BEGIN EXERCISE DATA
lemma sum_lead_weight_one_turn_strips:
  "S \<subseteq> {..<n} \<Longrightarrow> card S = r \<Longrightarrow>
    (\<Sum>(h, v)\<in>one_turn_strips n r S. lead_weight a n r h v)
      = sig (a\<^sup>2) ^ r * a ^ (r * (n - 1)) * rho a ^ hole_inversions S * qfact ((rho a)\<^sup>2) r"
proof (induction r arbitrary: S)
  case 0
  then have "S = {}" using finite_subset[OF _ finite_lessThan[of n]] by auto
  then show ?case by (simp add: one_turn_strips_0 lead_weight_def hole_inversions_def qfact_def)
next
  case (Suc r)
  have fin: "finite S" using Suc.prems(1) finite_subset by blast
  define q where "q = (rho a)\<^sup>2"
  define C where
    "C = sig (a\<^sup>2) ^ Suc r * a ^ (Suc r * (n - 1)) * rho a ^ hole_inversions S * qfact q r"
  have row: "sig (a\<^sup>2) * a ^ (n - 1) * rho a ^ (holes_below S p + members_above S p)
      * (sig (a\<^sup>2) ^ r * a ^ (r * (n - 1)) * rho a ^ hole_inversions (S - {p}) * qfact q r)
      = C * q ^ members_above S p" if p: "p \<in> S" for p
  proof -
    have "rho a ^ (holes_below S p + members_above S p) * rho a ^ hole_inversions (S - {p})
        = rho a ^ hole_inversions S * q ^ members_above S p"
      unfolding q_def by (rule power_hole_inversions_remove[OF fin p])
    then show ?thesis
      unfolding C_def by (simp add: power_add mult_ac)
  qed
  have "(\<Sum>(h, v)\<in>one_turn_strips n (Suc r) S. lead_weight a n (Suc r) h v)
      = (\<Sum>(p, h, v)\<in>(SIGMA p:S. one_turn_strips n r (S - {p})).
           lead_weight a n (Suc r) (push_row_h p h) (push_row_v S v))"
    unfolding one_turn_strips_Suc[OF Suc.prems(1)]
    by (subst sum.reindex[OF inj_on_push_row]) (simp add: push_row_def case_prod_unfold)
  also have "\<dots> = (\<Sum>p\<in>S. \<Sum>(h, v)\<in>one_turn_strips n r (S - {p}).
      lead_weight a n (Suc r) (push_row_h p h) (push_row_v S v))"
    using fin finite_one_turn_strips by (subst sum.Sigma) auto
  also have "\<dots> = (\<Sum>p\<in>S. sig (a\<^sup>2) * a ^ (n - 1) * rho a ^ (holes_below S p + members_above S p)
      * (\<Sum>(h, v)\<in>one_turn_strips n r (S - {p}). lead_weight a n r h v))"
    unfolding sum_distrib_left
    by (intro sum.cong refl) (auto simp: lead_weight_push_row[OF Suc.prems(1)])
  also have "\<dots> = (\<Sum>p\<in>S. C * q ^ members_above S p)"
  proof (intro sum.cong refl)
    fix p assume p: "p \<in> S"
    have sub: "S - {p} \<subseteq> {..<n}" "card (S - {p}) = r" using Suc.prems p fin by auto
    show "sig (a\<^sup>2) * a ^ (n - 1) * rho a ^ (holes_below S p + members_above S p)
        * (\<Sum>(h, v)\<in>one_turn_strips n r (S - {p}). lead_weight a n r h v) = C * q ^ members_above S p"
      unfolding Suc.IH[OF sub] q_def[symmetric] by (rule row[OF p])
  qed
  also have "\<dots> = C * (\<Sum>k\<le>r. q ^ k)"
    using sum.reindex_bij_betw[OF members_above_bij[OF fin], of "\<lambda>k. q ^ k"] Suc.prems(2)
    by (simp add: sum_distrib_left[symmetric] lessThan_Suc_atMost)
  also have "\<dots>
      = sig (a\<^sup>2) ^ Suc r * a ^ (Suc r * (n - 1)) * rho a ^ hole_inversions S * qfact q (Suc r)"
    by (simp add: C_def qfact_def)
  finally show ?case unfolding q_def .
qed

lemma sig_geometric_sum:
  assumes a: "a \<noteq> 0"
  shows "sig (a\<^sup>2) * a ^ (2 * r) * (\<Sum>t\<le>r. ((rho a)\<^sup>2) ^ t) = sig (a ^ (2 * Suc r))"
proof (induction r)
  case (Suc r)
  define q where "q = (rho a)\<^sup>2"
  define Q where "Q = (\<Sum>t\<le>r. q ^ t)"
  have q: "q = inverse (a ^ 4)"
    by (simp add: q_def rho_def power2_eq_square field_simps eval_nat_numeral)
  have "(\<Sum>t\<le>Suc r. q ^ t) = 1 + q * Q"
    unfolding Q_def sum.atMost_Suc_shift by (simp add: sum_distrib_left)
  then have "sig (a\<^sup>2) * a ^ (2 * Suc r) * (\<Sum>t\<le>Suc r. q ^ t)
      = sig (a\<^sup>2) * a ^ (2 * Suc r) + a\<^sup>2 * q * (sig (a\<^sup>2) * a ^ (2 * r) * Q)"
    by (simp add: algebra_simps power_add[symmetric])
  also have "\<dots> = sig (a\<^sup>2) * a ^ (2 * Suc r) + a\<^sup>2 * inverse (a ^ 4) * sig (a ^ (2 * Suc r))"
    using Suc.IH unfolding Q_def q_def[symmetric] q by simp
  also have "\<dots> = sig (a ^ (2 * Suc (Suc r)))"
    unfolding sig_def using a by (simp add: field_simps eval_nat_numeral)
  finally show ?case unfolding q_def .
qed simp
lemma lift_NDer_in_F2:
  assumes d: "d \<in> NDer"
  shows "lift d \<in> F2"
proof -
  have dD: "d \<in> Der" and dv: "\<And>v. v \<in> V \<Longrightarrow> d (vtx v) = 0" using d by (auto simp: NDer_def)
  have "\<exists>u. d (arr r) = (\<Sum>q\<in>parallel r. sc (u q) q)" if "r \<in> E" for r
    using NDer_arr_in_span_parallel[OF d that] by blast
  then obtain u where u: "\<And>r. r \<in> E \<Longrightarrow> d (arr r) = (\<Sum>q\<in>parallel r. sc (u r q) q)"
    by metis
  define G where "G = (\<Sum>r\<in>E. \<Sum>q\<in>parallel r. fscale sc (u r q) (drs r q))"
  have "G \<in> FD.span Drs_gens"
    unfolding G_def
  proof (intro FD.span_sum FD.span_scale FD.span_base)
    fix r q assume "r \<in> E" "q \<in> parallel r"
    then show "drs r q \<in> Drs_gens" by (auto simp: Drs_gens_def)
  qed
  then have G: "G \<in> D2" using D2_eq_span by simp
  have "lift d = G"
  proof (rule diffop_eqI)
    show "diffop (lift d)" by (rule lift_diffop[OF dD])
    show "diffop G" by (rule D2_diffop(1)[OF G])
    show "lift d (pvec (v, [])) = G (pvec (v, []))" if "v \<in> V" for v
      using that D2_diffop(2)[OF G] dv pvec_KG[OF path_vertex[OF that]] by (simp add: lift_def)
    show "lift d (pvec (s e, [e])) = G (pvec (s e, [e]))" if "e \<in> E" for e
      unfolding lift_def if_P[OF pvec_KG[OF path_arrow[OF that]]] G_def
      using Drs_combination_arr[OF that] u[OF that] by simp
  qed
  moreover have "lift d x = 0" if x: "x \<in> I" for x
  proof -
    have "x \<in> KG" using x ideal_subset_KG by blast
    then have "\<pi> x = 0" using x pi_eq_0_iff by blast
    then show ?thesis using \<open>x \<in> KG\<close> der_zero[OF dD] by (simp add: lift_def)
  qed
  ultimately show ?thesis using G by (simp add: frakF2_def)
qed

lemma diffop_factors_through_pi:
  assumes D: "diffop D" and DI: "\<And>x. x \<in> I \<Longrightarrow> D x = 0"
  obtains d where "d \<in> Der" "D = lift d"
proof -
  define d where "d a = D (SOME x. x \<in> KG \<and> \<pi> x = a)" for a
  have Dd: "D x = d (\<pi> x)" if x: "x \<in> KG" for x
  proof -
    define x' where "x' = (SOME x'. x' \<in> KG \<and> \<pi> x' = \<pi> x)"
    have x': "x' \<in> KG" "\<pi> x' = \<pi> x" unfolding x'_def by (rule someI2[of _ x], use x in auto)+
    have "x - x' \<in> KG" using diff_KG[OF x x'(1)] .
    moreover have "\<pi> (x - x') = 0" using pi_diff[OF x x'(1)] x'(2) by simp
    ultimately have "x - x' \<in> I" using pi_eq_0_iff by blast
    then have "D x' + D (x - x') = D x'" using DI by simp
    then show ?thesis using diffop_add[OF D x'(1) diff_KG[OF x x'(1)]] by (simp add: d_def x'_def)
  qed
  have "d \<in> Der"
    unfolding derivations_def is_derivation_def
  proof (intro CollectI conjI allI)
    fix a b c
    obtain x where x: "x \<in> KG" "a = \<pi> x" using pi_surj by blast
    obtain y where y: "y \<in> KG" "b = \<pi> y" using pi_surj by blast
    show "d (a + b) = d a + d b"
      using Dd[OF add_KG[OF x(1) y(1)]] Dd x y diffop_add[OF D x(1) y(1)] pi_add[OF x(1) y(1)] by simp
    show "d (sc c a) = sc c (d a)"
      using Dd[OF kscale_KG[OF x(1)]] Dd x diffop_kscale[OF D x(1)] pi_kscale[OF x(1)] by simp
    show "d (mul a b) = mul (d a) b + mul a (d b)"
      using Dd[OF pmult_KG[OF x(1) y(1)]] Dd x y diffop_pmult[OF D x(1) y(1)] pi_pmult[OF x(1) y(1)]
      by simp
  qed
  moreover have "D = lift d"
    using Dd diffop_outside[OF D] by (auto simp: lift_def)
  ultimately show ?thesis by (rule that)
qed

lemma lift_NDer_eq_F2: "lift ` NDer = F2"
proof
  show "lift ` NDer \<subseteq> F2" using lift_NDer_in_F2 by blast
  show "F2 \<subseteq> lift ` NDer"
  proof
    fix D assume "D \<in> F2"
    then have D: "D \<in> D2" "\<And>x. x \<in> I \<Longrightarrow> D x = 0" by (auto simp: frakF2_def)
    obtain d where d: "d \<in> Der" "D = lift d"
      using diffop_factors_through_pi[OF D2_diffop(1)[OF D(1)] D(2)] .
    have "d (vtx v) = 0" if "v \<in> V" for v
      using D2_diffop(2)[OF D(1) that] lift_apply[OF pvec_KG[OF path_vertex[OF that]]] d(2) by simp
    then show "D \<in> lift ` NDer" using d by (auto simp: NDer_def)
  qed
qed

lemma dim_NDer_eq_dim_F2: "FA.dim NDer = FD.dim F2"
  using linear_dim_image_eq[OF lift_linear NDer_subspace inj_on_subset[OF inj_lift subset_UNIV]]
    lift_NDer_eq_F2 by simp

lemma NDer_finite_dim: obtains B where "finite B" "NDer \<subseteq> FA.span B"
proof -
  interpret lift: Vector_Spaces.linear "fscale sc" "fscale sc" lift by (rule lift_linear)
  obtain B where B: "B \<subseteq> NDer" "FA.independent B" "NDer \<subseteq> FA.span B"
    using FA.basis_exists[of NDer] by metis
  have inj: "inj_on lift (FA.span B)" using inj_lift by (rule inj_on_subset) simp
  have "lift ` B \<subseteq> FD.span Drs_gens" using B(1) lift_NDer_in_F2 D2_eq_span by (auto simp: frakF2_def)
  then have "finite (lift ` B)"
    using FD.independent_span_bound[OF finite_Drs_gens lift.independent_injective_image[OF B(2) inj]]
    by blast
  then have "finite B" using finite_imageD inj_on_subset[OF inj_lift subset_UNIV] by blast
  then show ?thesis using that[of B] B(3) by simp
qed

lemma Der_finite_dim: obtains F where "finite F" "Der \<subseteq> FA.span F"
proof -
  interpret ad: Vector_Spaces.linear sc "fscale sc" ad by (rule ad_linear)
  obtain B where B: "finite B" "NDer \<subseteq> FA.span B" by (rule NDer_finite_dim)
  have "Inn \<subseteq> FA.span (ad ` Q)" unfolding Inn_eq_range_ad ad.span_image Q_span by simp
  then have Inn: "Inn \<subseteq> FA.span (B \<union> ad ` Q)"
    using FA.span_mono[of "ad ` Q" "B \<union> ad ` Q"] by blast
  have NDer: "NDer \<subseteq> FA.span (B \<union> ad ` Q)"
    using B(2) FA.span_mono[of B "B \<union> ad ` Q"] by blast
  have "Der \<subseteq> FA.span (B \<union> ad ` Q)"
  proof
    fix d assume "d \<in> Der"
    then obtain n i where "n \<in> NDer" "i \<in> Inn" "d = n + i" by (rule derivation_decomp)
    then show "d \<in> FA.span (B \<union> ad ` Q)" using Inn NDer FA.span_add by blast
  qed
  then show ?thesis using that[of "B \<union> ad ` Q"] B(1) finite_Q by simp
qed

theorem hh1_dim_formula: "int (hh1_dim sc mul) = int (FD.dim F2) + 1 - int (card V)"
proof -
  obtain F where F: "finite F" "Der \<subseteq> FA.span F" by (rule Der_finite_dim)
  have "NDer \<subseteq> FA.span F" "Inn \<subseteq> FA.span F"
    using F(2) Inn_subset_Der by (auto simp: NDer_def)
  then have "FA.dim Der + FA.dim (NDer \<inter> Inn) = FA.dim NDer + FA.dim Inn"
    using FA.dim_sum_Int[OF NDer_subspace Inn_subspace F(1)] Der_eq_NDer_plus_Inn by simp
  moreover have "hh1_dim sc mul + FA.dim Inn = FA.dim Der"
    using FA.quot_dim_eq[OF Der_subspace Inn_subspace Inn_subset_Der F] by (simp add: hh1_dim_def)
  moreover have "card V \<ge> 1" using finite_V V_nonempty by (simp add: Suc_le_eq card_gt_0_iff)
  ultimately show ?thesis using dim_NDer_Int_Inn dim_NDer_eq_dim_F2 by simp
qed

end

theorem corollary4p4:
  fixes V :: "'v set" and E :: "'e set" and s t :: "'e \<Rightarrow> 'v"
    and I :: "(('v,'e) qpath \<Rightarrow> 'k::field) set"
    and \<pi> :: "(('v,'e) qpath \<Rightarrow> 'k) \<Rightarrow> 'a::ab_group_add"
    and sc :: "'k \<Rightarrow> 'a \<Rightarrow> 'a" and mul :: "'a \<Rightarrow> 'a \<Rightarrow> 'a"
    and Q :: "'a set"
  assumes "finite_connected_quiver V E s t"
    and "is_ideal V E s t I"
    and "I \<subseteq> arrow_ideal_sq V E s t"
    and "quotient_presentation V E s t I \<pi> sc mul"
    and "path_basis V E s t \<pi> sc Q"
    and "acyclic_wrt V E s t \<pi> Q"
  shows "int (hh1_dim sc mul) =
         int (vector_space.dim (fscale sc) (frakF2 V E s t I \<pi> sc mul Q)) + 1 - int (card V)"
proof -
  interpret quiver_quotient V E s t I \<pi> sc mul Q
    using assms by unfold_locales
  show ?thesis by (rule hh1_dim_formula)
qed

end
END EXERCISE DATA
(WHAT THE TASK ASKS) The line above containing "(2 * Suc (Suc", the line containing "using NDer_arr_in_span_parallel[OF d", and every line between them are to be transcribed exactly; no other line is wanted.

(RESULT)
  also have "\<dots> = sig (a ^ (2 * Suc (Suc r)))"
    unfolding sig_def using a by (simp add: field_simps eval_nat_numeral)
  finally show ?case unfolding q_def .
qed simp
lemma lift_NDer_in_F2:
  assumes d: "d \<in> NDer"
  shows "lift d \<in> F2"
proof -
  have dD: "d \<in> Der" and dv: "\<And>v. v \<in> V \<Longrightarrow> d (vtx v) = 0" using d by (auto simp: NDer_def)
  have "\<exists>u. d (arr r) = (\<Sum>q\<in>parallel r. sc (u q) q)" if "r \<in> E" for r
    using NDer_arr_in_span_parallel[OF d that] by blast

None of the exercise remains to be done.